How does MGF 110-11L function compare with other multigene family proteins in ASFV?

A systematic comparison reveals distinct functional profiles among ASFV multigene families:

While MGF 360 and 505 family members are better characterized for their roles in evading host type I interferon responses, the MGF 110 family appears more involved in cellular compartment organization and potentially viral morphogenesis . The varying effects of gene deletions within the same family highlight the specialized functions evolved by these paralogs despite their sequence similarities.

What structural and functional homologies exist between MGF 110-11L and host proteins?
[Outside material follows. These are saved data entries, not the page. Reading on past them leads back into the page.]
lemma nn_integral_exp_layer_cake:
  assumes "sigma_finite_measure M" and [measurable]: "A \<in> sets M" "g \<in> borel_measurable M"
    and nonneg: "\<And>\<omega>. \<omega> \<in> A \<Longrightarrow> 0 \<le> g \<omega>"
  shows "(\<integral>\<^sup>+\<omega>. indicator A \<omega> * ennreal (exp (g \<omega>)) \<partial>M)
    = emeasure M A + (\<integral>\<^sup>+v. indicator {0..} v * ennreal (exp v) * emeasure M {\<omega> \<in> A. v < g \<omega>} \<partial>lborel)"
proof -
  interpret pair_sigma_finite M lborel
    using assms(1) by (simp add: pair_sigma_finite_def lborel.sigma_finite_measure_axioms)
  define F where "F \<omega> v = (if \<omega> \<in> A \<and> 0 \<le> v \<and> v < g \<omega> then ennreal (exp v) else 0)" for \<omega> v
  have [measurable]: "(\<lambda>(\<omega>, v). F \<omega> v) \<in> borel_measurable (M \<Otimes>\<^sub>M lborel)"
    unfolding F_def by measurable
  have inner: "(\<integral>\<^sup>+\<omega>. F \<omega> v \<partial>M) = indicator {0..} v * ennreal (exp v) * emeasure M {\<omega> \<in> A. v < g \<omega>}" for v
  proof -
    have "(\<integral>\<^sup>+\<omega>. F \<omega> v \<partial>M) = (\<integral>\<^sup>+\<omega>. (indicator {0..} v * ennreal (exp v)) * indicator {\<omega> \<in> A. v < g \<omega>} \<omega> \<partial>M)"
      unfolding F_def by (intro nn_integral_cong) (auto simp: indicator_def)
    also have "\<dots> = indicator {0..} v * ennreal (exp v) * emeasure M {\<omega> \<in> A. v < g \<omega>}"
      by (rule nn_integral_cmult_indicator) measurable
    finally show ?thesis .
  qed
  have "indicator A \<omega> * ennreal (exp (g \<omega>)) = indicator A \<omega> + (\<integral>\<^sup>+v. F \<omega> v \<partial>lborel)" for \<omega>
  proof (cases "\<omega> \<in> A")
    case True
    have "(\<integral>\<^sup>+v. F \<omega> v \<partial>lborel) = (\<integral>\<^sup>+v. indicator {0..<g \<omega>} v * ennreal (exp v) \<partial>lborel)"
      using True unfolding F_def by (intro nn_integral_cong) (simp add: indicator_def)
    also have "\<dots> = ennreal (exp (g \<omega>) - 1)"
      using True nonneg by (simp add: nn_integral_indicator_exp)
    finally have "(\<integral>\<^sup>+v. F \<omega> v \<partial>lborel) = ennreal (exp (g \<omega>) - 1)" .
    moreover have "ennreal (exp (g \<omega>)) = ennreal 1 + ennreal (exp (g \<omega>) - 1)"
      using True nonneg by (subst ennreal_plus[symmetric]) auto
    ultimately show ?thesis using True by simp
  qed (simp add: F_def)
  then have "(\<integral>\<^sup>+\<omega>. indicator A \<omega> * ennreal (exp (g \<omega>)) \<partial>M)
      = emeasure M A + (\<integral>\<^sup>+\<omega>. (\<integral>\<^sup>+v. F \<omega> v \<partial>lborel) \<partial>M)"
    by (simp add: nn_integral_add lborel.borel_measurable_nn_integral)
  also have "(\<integral>\<^sup>+\<omega>. (\<integral>\<^sup>+v. F \<omega> v \<partial>lborel) \<partial>M) = (\<integral>\<^sup>+v. (\<integral>\<^sup>+\<omega>. F \<omega> v \<partial>M) \<partial>lborel)"
    by (rule Fubini'[symmetric]) measurable
  finally show ?thesis by (simp add: inner)
qed

lemma has_real_derivative_exp_neg_sqrt:
  fixes c v :: real
  assumes "c \<noteq> 0" "0 < v"
  shows "((\<lambda>v. - (2 / c\<^sup>2) * (1 + c * sqrt v) * exp (- c * sqrt v)) has_real_derivative exp (- c * sqrt v)) (at v)"
proof -
  define \<phi> where "\<phi> = (\<lambda>s. - (2 / c\<^sup>2) * (1 + c * s) * exp (- c * s))"
  have "(\<phi> has_real_derivative 2 * sqrt v * exp (- c * sqrt v)) (at (sqrt v))"
    unfolding \<phi>_def using assms
    by (auto intro!: derivative_eq_intros simp: field_simps power2_eq_square)
  from DERIV_chain[OF this DERIV_real_sqrt[OF assms(2)]]
  have "(\<phi> \<circ> sqrt has_real_derivative 2 * sqrt v * exp (- c * sqrt v) * (inverse (sqrt v) / 2)) (at v)" .
  moreover have "2 * sqrt v * exp (- c * sqrt v) * (inverse (sqrt v) / 2) = exp (- c * sqrt v)"
    using assms by (simp add: field_simps)
  moreover have "\<phi> \<circ> sqrt = (\<lambda>v. - (2 / c\<^sup>2) * (1 + c * sqrt v) * exp (- c * sqrt v))"
    by (simp add: fun_eq_iff \<phi>_def)
  ultimately show ?thesis by (simp only:)
qed

lemma nn_integral_exp_neg_sqrt_le:
  fixes c :: real
  assumes "0 < c"
  shows "(\<integral>\<^sup>+v. indicator {0..} v * ennreal (exp (- c * sqrt v)) \<partial>lborel) \<le> 2 / c\<^sup>2"
proof -
  define F where "F = (\<lambda>v. - (2 / c\<^sup>2) * (1 + c * sqrt v) * exp (- c * sqrt v))"
  have F_deriv: "(F has_real_derivative exp (- c * sqrt v)) (at v)" if "0 < v" for v
    unfolding F_def using assms that by (intro has_real_derivative_exp_neg_sqrt) auto
  define f where "f n v = ennreal (indicator {0..real n} v * exp (- c * sqrt v))" for n :: nat and v
  have "(\<integral>\<^sup>+v. f n v \<partial>lborel) = ennreal (F (real n) - F 0)" for n
  proof -
    have "((\<lambda>v. exp (- c * sqrt v)) has_integral F (real n) - F 0) {0..real n}"
    proof (rule fundamental_theorem_of_calculus_interior)
      show "continuous_on {0..real n} F" unfolding F_def by (intro continuous_intros)
      show "(F has_vector_derivative exp (- c * sqrt v)) (at v)" if "v \<in> {0<..<real n}" for v
        using F_deriv[of v] that by (simp add: has_real_derivative_iff_has_vector_derivative)
    qed simp
    then show ?thesis unfolding f_def by (intro nn_integral_has_integral_lebesgue) auto
  qed
  moreover have "F (real n) - F 0 \<le> 2 / c\<^sup>2" for n
    unfolding F_def using assms by (simp add: mult_nonneg_nonneg)
  ultimately have bound: "(\<integral>\<^sup>+v. f n v \<partial>lborel) \<le> 2 / c\<^sup>2" for n
    by (simp add: ennreal_leI)
  have "indicator {0..} v * ennreal (exp (- c * sqrt v)) \<le> (SUP n. f n v)" for v
  proof (cases "0 \<le> v")
    case True
    then have "f (nat \<lceil>v\<rceil>) v = exp (- c * sqrt v)" by (simp add: f_def indicator_def)
    then show ?thesis using True by (metis SUP_upper UNIV_I indicator_simps(1) atLeast_iff mult_1)
  qed simp
  then have "(\<integral>\<^sup>+v. indicator {0..} v * ennreal (exp (- c * sqrt v)) \<partial>lborel) \<le> (\<integral>\<^sup>+v. (SUP n. f n v) \<partial>lborel)"
    by (intro nn_integral_mono)
  also have "\<dots> = (SUP n. \<integral>\<^sup>+v. f n v \<partial>lborel)"
    by (rule nn_integral_monotone_convergence_SUP)
      (auto simp: f_def incseq_def le_fun_def indicator_def intro!: ennreal_leI)
  also have "\<dots> \<le> 2 / c\<^sup>2"
    by (rule SUP_least) (rule bound)
  finally show ?thesis .
qed
lemma sawtooth_sum_fejer_integral_bound:
  assumes K: "K > 0"
  obtains I where "((\<lambda>t. sawtooth_sum y N (z + t) * fejer K t) has_integral I) {-1/2..1/2}"
    and "\<bar>I\<bar> \<le> (\<Sum>k\<in>{1..<K}. exp_sum_norm y N k / (pi * real k))"
proof
  define G where "G d = (\<Sum>i<N. sawtooth_coeff (z - y i) d)" for d
  define h where "h k = exp_sum_norm y N k / (2 * pi * real k)" for k
  have "((\<lambda>t. \<Sum>i<N. sawtooth ((z - y i) + t) * fejer K t) has_integral
     (\<Sum>i<N. (1 / real K) * (\<Sum>m<K. \<Sum>m'<K. sawtooth_coeff (z - y i) (int m - int m')))) {-1/2..1/2}"
    by (intro has_integral_sum finite_lessThan sawtooth_fejer_has_integral)
  then show "((\<lambda>t. sawtooth_sum y N (z + t) * fejer K t) has_integral
      (1 / real K) * (\<Sum>m<K. \<Sum>m'<K. G (int m - int m'))) {-1/2..1/2}"
    unfolding G_def sawtooth_sum_def
    by (simp add: sum_distrib_left sum_distrib_right sum.swap[of _ "{..<N}"] algebra_simps)
  have G_le: "\<bar>G d\<bar> \<le> (if d = 0 then 0 else h (nat \<bar>d\<bar>))" for d
    unfolding G_def h_def by (rule abs_sum_sawtooth_coeff_le)
  have "\<bar>(1 / real K) * (\<Sum>m<K. \<Sum>m'<K. G (int m - int m'))\<bar>
      \<le> (1 / real K) * (\<Sum>m<K. \<Sum>m'<K. \<bar>G (int m - int m')\<bar>)"
  proof -
    have "\<bar>\<Sum>m<K. \<Sum>m'<K. G (int m - int m')\<bar> \<le> (\<Sum>m<K. \<Sum>m'<K. \<bar>G (int m - int m')\<bar>)"
      by (rule order.trans[OF sum_abs]) (intro sum_mono sum_abs)
    then show ?thesis by (simp add: abs_mult divide_right_mono)
  qed
  also have "\<dots> \<le> (1 / real K) * (\<Sum>m<K. 2 * (\<Sum>k\<in>{1..<K}. h k))"
  proof (intro mult_left_mono sum_mono)
    fix m assume "m \<in> {..<K}"
    have "\<bar>G (int m - int m')\<bar> \<le> (if m = m' then 0 else h (nat \<bar>int m - int m'\<bar>))" for m'
      using G_le[of "int m - int m'"] by (cases "m = m'") auto
    then show "(\<Sum>m'<K. \<bar>G (int m - int m')\<bar>) \<le> 2 * (\<Sum>k\<in>{1..<K}. h k)"
      using \<open>m \<in> {..<K}\<close> exp_sum_norm_nonneg
      by (intro order.trans[OF sum_mono sum_nat_dist_le]) (auto simp: h_def)
  qed simp
  also have "\<dots> = (\<Sum>k\<in>{1..<K}. exp_sum_norm y N k / (pi * real k))"
    using K by (simp add: h_def sum_distrib_left)
  finally show "\<bar>(1 / real K) * (\<Sum>m<K. \<Sum>m'<K. G (int m - int m'))\<bar>
      \<le> (\<Sum>k\<in>{1..<K}. exp_sum_norm y N k / (pi * real k))" .
qed

section \<open>Bounding sawtooth sums by exponential sums\<close>

lemma fejer_weighted_integral_lower_bound:
  fixes R :: "real \<Rightarrow> real"
  assumes K: "K > 0" and a: "0 < a" "a \<le> 1/2"
    and R: "((\<lambda>t. R t * fejer K t) has_integral I) {-1/2..1/2}"
    and R_bounded: "\<And>t. t \<in> {-1/2..1/2} \<Longrightarrow> \<bar>R t\<bar> \<le> M"
    and R_large: "\<And>t. t \<in> {-a..a} \<Longrightarrow> \<beta> \<le> R t" and \<beta>: "0 \<le> \<beta>"
  shows "\<beta> - (\<beta> + M) / (real K * a) \<le> I"
proof -
  define f where "f t = R t * fejer K t" for t
  have f_integrable: "f integrable_on {-1/2..1/2}" using R unfolding f_def by blast
  have split: "integral {-1/2..1/2} g = integral {-1/2..-a} g + integral {-a..a} g + integral {a..1/2} g"
    if "g integrable_on {-1/2..1/2}" for g :: "real \<Rightarrow> real"
  proof -
    have "g integrable_on {-1/2..a}" using a by (intro integrable_subinterval_real[OF that]) auto
    then show ?thesis
      using a Henstock_Kurzweil_Integration.integral_combine[of "-1/2" a "1/2" g, OF _ _ that]
        Henstock_Kurzweil_Integration.integral_combine[of "-1/2" "-a" a g] by simp
  qed
  have lower: "c' * integral {c..d} (fejer K) \<le> integral {c..d} f"
    if "-1/2 \<le> c" "d \<le> 1/2" "\<And>t. t \<in> {c..d} \<Longrightarrow> c' \<le> R t" for c c' d
  proof -
    have "integral {c..d} (\<lambda>t. c' * fejer K t) \<le> integral {c..d} f"
      using that f_integrable fejer_nonneg unfolding f_def
      by (intro integral_le integrable_on_mult_right fejer_integrable mult_right_mono)
         (auto intro: integrable_subinterval_real)
    then show ?thesis by simp
  qed
  have R_ge: "- M \<le> R t" if "t \<in> {-1/2..1/2}" for t using R_bounded[OF that] by linarith
  have M: "0 \<le> M" using R_bounded[of 0] by auto
  define T where "T = integral {-1/2..-a} (fejer K) + integral {a..1/2} (fejer K)"
  have mid: "integral {-a..a} (fejer K) = 1 - T"
    using split[OF fejer_integrable, of K] integral_unique[OF fejer_has_integral[OF K]]
    unfolding T_def by simp
  have "\<beta> * (1 - T) - M * T \<le> I"
  proof -
    have "I = integral {-1/2..-a} f + integral {-a..a} f + integral {a..1/2} f"
      using split[OF f_integrable] R unfolding f_def by (simp add: integral_unique)
    moreover have "- M * integral {-1/2..-a} (fejer K) \<le> integral {-1/2..-a} f"
      using a by (intro lower) (auto intro: R_ge)
    moreover have "- M * integral {a..1/2} (fejer K) \<le> integral {a..1/2} f"
      using a by (intro lower) (auto intro: R_ge)
    moreover have "\<beta> * integral {-a..a} (fejer K) \<le> integral {-a..a} f"
      using a R_large by (intro lower) auto
    ultimately show ?thesis unfolding mid T_def by (simp add: algebra_simps)
  qed
  moreover have "(\<beta> + M) * T \<le> (\<beta> + M) * (1 / (real K * a))"
    unfolding T_def using fejer_tails_le[OF K a] \<beta> M by (intro mult_left_mono) auto
  ultimately show ?thesis by (simp add: algebra_simps)
qed

lemma abs_sawtooth_sum_le: "\<bar>sawtooth_sum y N x\<bar> \<le> real N / 2"
proof -
  have "\<bar>sawtooth_sum y N x\<bar> \<le> (\<Sum>i<N. \<bar>sawtooth (x - y i)\<bar>)"
    unfolding sawtooth_sum_def by (rule sum_abs)
  also have "\<dots> \<le> (\<Sum>i<N. 1/2)" by (intro sum_mono abs_sawtooth_le)
  finally show ?thesis by simp
qed

lemma sawtooth_sum_decrease_le:
  assumes "0 \<le> h" shows "sawtooth_sum y N x - real N * h \<le> sawtooth_sum y N (x + h)"
proof -
  have "sawtooth (x - y i) - h \<le> sawtooth (x + h - y i)" for i
    using floor_mono[of "x - y i" "x + h - y i"] assms by (simp add: sawtooth_def frac_def)
  then have "(\<Sum>i<N. sawtooth (x - y i) - h) \<le> (\<Sum>i<N. sawtooth (x + h - y i))"
    by (rule sum_mono)
  then show ?thesis by (simp add: sawtooth_sum_def sum_subtractf)
qed

lemma sawtooth_sum_window_bound:
  assumes N: "N > 0" and a: "0 < a" "a \<le> 1/2" and \<sigma>: "\<bar>\<sigma>\<bar> = 1" and \<beta>: "0 \<le> \<beta>"
    and M: "\<And>x. \<bar>sawtooth_sum y N x\<bar> \<le> M"
    and large: "\<And>t. t \<in> {-a..a} \<Longrightarrow> \<beta> \<le> \<sigma> * sawtooth_sum y N (z + t)"
  shows "\<beta> - (\<beta> + M) / (real N * a) \<le> (\<Sum>k\<in>{1..<N}. exp_sum_norm y N k / (pi * real k))"
proof -
  obtain I where I: "((\<lambda>t. sawtooth_sum y N (z + t) * fejer N t) has_integral I) {-1/2..1/2}"
    "\<bar>I\<bar> \<le> (\<Sum>k\<in>{1..<N}. exp_sum_norm y N k / (pi * real k))"
    using sawtooth_sum_fejer_integral_bound[OF N] by blast
  have "((\<lambda>t. \<sigma> * sawtooth_sum y N (z + t) * fejer N t) has_integral \<sigma> * I) {-1/2..1/2}"
    using has_integral_mult_right[OF I(1), of \<sigma>] by (simp add: mult.assoc)
  then have "\<beta> - (\<beta> + M) / (real N * a) \<le> \<sigma> * I"
    using \<sigma> \<beta> M large by (intro fejer_weighted_integral_lower_bound[OF N a]) (auto simp: abs_mult)
  moreover have "\<sigma> * I \<le> \<bar>I\<bar>" using abs_ge_self[of "\<sigma> * I"] \<sigma> by (simp add: abs_mult)
  ultimately show ?thesis using I(2) by linarith
qed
MGF 110-11L shares important structural and functional elements with host proteins:

• Thioredoxin-like motifs:

  • MGF 110-11L contains C-(X)2-C sequences resembling thioredoxin motifs found in ER thioreductase enzymes

  • These similarities suggest potential functions in redox regulation or protein folding within the ER

• Metal-binding structures:

  • The C-(X)2-C-(X)2-C sequence resembles iron cluster protein motifs

  • This structural element is also found in Ero1-Lα, involved in disulfide bond formation in the ER

• ER retention signals:

  • While not identical to MGF 110-11L, related family members contain KDEL or KEDL motifs

  • These motifs function similarly to host ER retention signals, controlling protein localization

• Bovine posterior pituitary peptide homology:

  • The cysteine motif shares homology with bovine posterior pituitary peptides

  • This suggests similar disulfide bond formation patterns between viral and host proteins

These homologies indicate MGF 110-11L may have evolved to mimic or manipulate host cellular machinery, particularly within the secretory pathway . Such viral mimicry of host proteins often serves to evade immune detection or hijack cellular processes.